The performance of the same code on win is lower than on Mac

I have a C++program that is using opencv v4.5.5. But when running, I found that the same code runs faster on MacBook Pro (MacBook Pro14,1, core i5 2.3GHz) than on Win computer (i5 6500 3.2GHz).

For example, the following code runs for 1ms on Mac and 33ms on win.

for(int j = 0; j < img.rows; j++)
{
    auto arow = img.row(j);

    vector<short> v = (vector<short>)arow;  <<<< 1ms on Mac, but 33ms on Win, why???

	……
}

Does anyone know the reason and how to solve it?

It might be that if you do nothing with your local variable, Mac’s compiler optimizes the whole code out…

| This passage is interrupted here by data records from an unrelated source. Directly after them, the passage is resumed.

(* Let $\{T_i\}_{i=1}^M$ be a quantum $1$-tester on $\mathcal H_2\otimes\mathcal H_1$ with $\sum_iT_i=I_2\otimes\rho$, and let $r$ be the rank of $\rho$. Then $\{T_i\}$ is extremal if and only if the equation $$\sum_{i=1}^M\sum_{n,m}D^{(i)}_{nm}|v^i_n\rangle\langle v^i_m|+\sum_{l=1}^{r^2-1}s_l\,I_2\otimes\sigma_l=0,$$ with each $(D^{(i)}_{nm})_{n,m}$ a hermitian matrix and $s_l\in\mathbb R$, has only the trivial solution.
   Context: A quantum $1$-tester with $M$ outcomes on $\mathcal H_2\otimes\mathcal H_1$ (finite-dimensional) is a family of positive operators $\{T_i\}_{i=1}^M$ with $\sum_iT_i=I_2\otimes\rho$ for some density operator $\rho$ on $\mathcal H_1$; it is extremal if it is an extreme point of the convex set of all such testers with $M$ outcomes. $\{|v^i_n\rangle\}_n$ is an orthonormal set of eigenvectors of $T_i$ spanning $\operatorname{Supp}(T_i)$; $\{\sigma_l\}_{l=1}^{r^2-1}$ is a basis of the traceless hermitian operators on $\mathcal H_1$ with support contained in $\operatorname{Supp}(\rho)$. *)

theory Defs
  imports Complex_Main "Jordan_Normal_Form.Matrix" "Jordan_Normal_Form.DL_Rank"
begin

text \<open>The space H2 (x) H1 with dim H2 = d2, dim H1 = d1 is realised as C^(d2*d1),
  the basis vector e_a (x) e_b corresponding to index a * d1 + b.\<close>

definition mtrace :: "complex mat \<Rightarrow> complex" where
  "mtrace A = (\<Sum>a<dim_row A. A $$ (a, a))"

definition cinner :: "complex vec \<Rightarrow> complex vec \<Rightarrow> complex" where
  "cinner x y = (\<Sum>a<dim_vec x. cnj (x $ a) * y $ a)"

definition hermitian :: "nat \<Rightarrow> complex mat \<Rightarrow> bool" where
  "hermitian n A \<longleftrightarrow> A \<in> carrier_mat n n \<and>
     (\<forall>a<n. \<forall>b<n. A $$ (a, b) = cnj (A $$ (b, a)))"

definition positive_op :: "nat \<Rightarrow> complex mat \<Rightarrow> bool" where
  "positive_op n A \<longleftrightarrow> hermitian n A \<and>
     (\<forall>x \<in> carrier_vec n. cinner x (A *\<^sub>v x) \<in> \<real> \<and> 0 \<le> Re (cinner x (A *\<^sub>v x)))"

definition density_op :: "nat \<Rightarrow> complex mat \<Rightarrow> bool" where
  "density_op n \<rho> \<longleftrightarrow> positive_op n \<rho> \<and> mtrace \<rho> = 1"

definition kron :: "complex mat \<Rightarrow> complex mat \<Rightarrow> complex mat" where
  "kron A B = mat (dim_row A * dim_row B) (dim_col A * dim_col B)
     (\<lambda>(i, j). A $$ (i div dim_row B, j div dim_col B) * B $$ (i mod dim_row B, j mod dim_col B))"

text \<open>Support of an operator = its range (for hermitian operators this is the
  orthogonal complement of the kernel).\<close>
definition supp :: "complex mat \<Rightarrow> complex vec set" where
  "supp A = {A *\<^sub>v x | x. x \<in> carrier_vec (dim_col A)}"

definition cspan :: "nat \<Rightarrow> nat \<Rightarrow> (nat \<Rightarrow> complex vec) \<Rightarrow> complex vec set" where
  "cspan n k v = {vec n (\<lambda>a. \<Sum>j<k. c j * v j $ a) | c. True}"

definition is_tester_with :: "nat \<Rightarrow> nat \<Rightarrow> nat \<Rightarrow> (nat \<Rightarrow> complex mat) \<Rightarrow> complex mat \<Rightarrow> bool" where
  "is_tester_with d2 d1 M T \<rho> \<longleftrightarrow>
     density_op d1 \<rho> \<and> (\<forall>i<M. positive_op (d2 * d1) (T i)) \<and>
     mat (d2 * d1) (d2 * d1) (\<lambda>(a, b). \<Sum>i<M. T i $$ (a, b)) = kron (1\<^sub>m d2) \<rho>"

definition is_tester :: "nat \<Rightarrow> nat \<Rightarrow> nat \<Rightarrow> (nat \<Rightarrow> complex mat) \<Rightarrow> bool" where
  "is_tester d2 d1 M T \<longleftrightarrow> (\<exists>\<rho>. is_tester_with d2 d1 M T \<rho>)"

text \<open>Extreme point of the convex set of testers with M outcomes
  (families are compared on the outcomes 0..M-1 only).\<close>
definition extremal_tester :: "nat \<Rightarrow> nat \<Rightarrow> nat \<Rightarrow> (nat \<Rightarrow> complex mat) \<Rightarrow> bool" where
  "extremal_tester d2 d1 M T \<longleftrightarrow> is_tester d2 d1 M T \<and>
     (\<forall>T' T'' (t::real). is_tester d2 d1 M T' \<and> is_tester d2 d1 M T'' \<and> 0 < t \<and> t < 1 \<and>
        (\<forall>i<M. T i = complex_of_real t \<cdot>\<^sub>m T' i + complex_of_real (1 - t) \<cdot>\<^sub>m T'' i)
        \<longrightarrow> (\<forall>i<M. T' i = T'' i))"

end

theory Submission
  imports Defs
begin

text \<open>If \<open>T = t T' + (1 - t) T''\<close> is a proper convex decomposition, each \<open>T'\<^sub>i - T\<^sub>i\<close> is hermitian
  and vanishes on the kernel of \<open>T\<^sub>i\<close>, hence equals \<open>\<Sum>\<^sub>n\<^sub>m D\<^sub>n\<^sub>m |v\<^sup>i\<^sub>n\<rangle>\<langle>v\<^sup>i\<^sub>m|\<close> for a hermitian \<open>D\<close>,
  while the two reduced states differ by a traceless hermitian operator supported in \<open>supp \<rho>\<close>,
  i.e.\ by a real combination of the \<open>\<sigma>\<^sub>l\<close>. Summing over \<open>i\<close> gives a solution of the equation, which
  is trivial only if \<open>T' = T\<close>. Conversely, a nontrivial solution yields operators \<open>\<Delta>\<^sub>i\<close> living on the
  supports of the \<open>T\<^sub>i\<close> with \<open>\<Sum>\<^sub>i \<Delta>\<^sub>i = I\<^sub>2 \<otimes> \<tau>\<close> and \<open>\<tau>\<close> traceless. On its support \<open>T\<^sub>i\<close> is bounded
  below by its least positive eigenvalue, so \<open>T \<pm> \<epsilon> \<Delta>\<close> are testers for small \<open>\<epsilon> > 0\<close>, and \<open>T\<close> is
  their midpoint.\<close>

section \<open>Coordinate vectors\<close>

text \<open>Vectors are handled as coordinate functions \<^typ>\<open>nat \<Rightarrow> complex\<close>, of which only the
  first \<open>n\<close> entries matter; this avoids carrier bookkeeping in the linear algebra below.\<close>

definition ip :: "nat \<Rightarrow> (nat \<Rightarrow> complex) \<Rightarrow> (nat \<Rightarrow> complex) \<Rightarrow> complex" where
  "ip n f g = (\<Sum>a<n. cnj (f a) * g a)"

definition mv :: "nat \<Rightarrow> complex mat \<Rightarrow> (nat \<Rightarrow> complex) \<Rightarrow> nat \<Rightarrow> complex" where
  "mv n A f = (\<lambda>a. \<Sum>b<n. A $$ (a, b) * f b)"

definition qf :: "nat \<Rightarrow> complex mat \<Rightarrow> (nat \<Rightarrow> complex) \<Rightarrow> complex" where
  "qf n A f = ip n f (mv n A f)"

lemma ip_cong:
  "(\<And>a. a < n \<Longrightarrow> f a = f' a) \<Longrightarrow> (\<And>a. a < n \<Longrightarrow> g a = g' a) \<Longrightarrow> ip n f g = ip n f' g'"
  unfolding ip_def by (rule sum.cong) auto

lemma ip_add_right: "ip n f (\<lambda>a. g a + h a) = ip n f g + ip n f h"
  unfolding ip_def by (simp add: distrib_left sum.distrib)

lemma ip_diff_right: "ip n f (\<lambda>a. g a - h a) = ip n f g - ip n f h"
  unfolding ip_def by (simp add: right_diff_distrib sum_subtractf)

lemma ip_scale_right: "ip n f (\<lambda>a. c * g a) = c * ip n f g"
  unfolding ip_def by (simp add: sum_distrib_left mult.assoc mult.left_commute)

lemma ip_sum_right: "ip n f (\<lambda>a. \<Sum>j\<in>J. g j a) = (\<Sum>j\<in>J. ip n f (g j))"
  unfolding ip_def by (simp add: sum_distrib_left sum.swap[of _ J])

lemma ip_swap: "ip n g f = cnj (ip n f g)"
  unfolding ip_def by (simp add: mult.commute)

lemma ip_add_left: "ip n (\<lambda>a. g a + h a) f = ip n g f + ip n h f"
  by (subst ip_swap, simp add: ip_add_right, simp add: ip_swap[of n f])

lemma ip_scale_left: "ip n (\<lambda>a. c * g a) f = cnj c * ip n g f"
  by (subst ip_swap, simp add: ip_scale_right, simp add: ip_swap[of n f])

lemma ip_sum_left: "ip n (\<lambda>a. \<Sum>j\<in>J. g j a) f = (\<Sum>j\<in>J. ip n (g j) f)"
  by (subst ip_swap, simp add: ip_sum_right, simp add: ip_swap[of n f])

lemma ip_self: "ip n f f = of_real (\<Sum>a<n. (cmod (f a))\<^sup>2)"
  unfolding ip_def of_real_sum by (rule sum.cong, simp, metis complex_norm_square mult.commute)

lemma ip_self_nonneg: "0 \<le> Re (ip n f f)"
  by (simp add: ip_self sum_nonneg)

lemma ip_self_eq_0: assumes "ip n f f = 0" "a < n" shows "f a = 0"
proof -
  have "(\<Sum>a<n. (cmod (f a))\<^sup>2) = 0" using assms(1) ip_self[of n f] of_real_eq_0_iff by metis
  hence "\<forall>a\<in>{..<n}. (cmod (f a))\<^sup>2 = 0" by (subst sum_nonneg_eq_0_iff[symmetric]) auto
  thus ?thesis using assms(2) by auto
qed

lemma mv_cong: "(\<And>b. b < n \<Longrightarrow> f b = f' b) \<Longrightarrow> mv n A f a = mv n A f' a"
  unfolding mv_def by (rule sum.cong) auto

lemma mv_add: "mv n A (\<lambda>b. g b + h b) a = mv n A g a + mv n A h a"
  unfolding mv_def by (simp add: distrib_left sum.distrib)

lemma mv_diff: "mv n A (\<lambda>b. g b - h b) a = mv n A g a - mv n A h a"
  unfolding mv_def by (simp add: right_diff_distrib sum_subtractf)

lemma mv_scale: "mv n A (\<lambda>b. c * g b) a = c * mv n A g a"
  unfolding mv_def by (simp add: sum_distrib_left mult.assoc mult.left_commute)

lemma mv_sum: "mv n A (\<lambda>b. \<Sum>j\<in>J. g j b) a = (\<Sum>j\<in>J. mv n A (g j) a)"
  unfolding mv_def by (simp add: sum_distrib_left sum.swap[of _ J])

lemma mv_minus_mat:
  assumes "A \<in> carrier_mat n n" "B \<in> carrier_mat n n" "a < n"
  shows "mv n (A - B) g a = mv n A g a - mv n B g a"
  unfolding mv_def using assms by (simp add: sum_subtractf[symmetric] left_diff_distrib)

lemma qf_eq_0_if_mv_eq_0: "(\<forall>a<n. mv n A g a = 0) \<Longrightarrow> qf n A g = 0"
  unfolding qf_def ip_def by (auto intro!: sum.neutral)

However, the opencv actually uses memcpy, and the compiler also has special optimization for this sentence. Is it the “special” parallel computation on the mac?

Can you share your complete code including how you derive your timings?

Are you comparing Release or Debug builds?

I am comparing the performance of Release between Mac and Win.
The following is the my code . The input image size is 2600 * 3400, so row_ ElapsedTime gets a sum after 2600 cycles.


    for(int j = 0; j < img.rows; j++)
    {
        auto arow = img.row(j);
#if Performance
        auto row_STime = std::chrono::high_resolution_clock::now();
#endif
       vector<short> v = (vector<short>)arow;
 
#if Performance
        auto row_ETime = std::chrono::high_resolution_clock::now();
        row_elapsedTime += (double)std::chrono::duration_cast<std::chrono::microseconds>(row_ETime - row_STime).count();
#endif

       ......
    }

It looks like the conversion initialization of the vector is slow for certain data types. On windows 16U, 32F take 20x longer than 8U and I’m guessing this isn’t the case on a mac.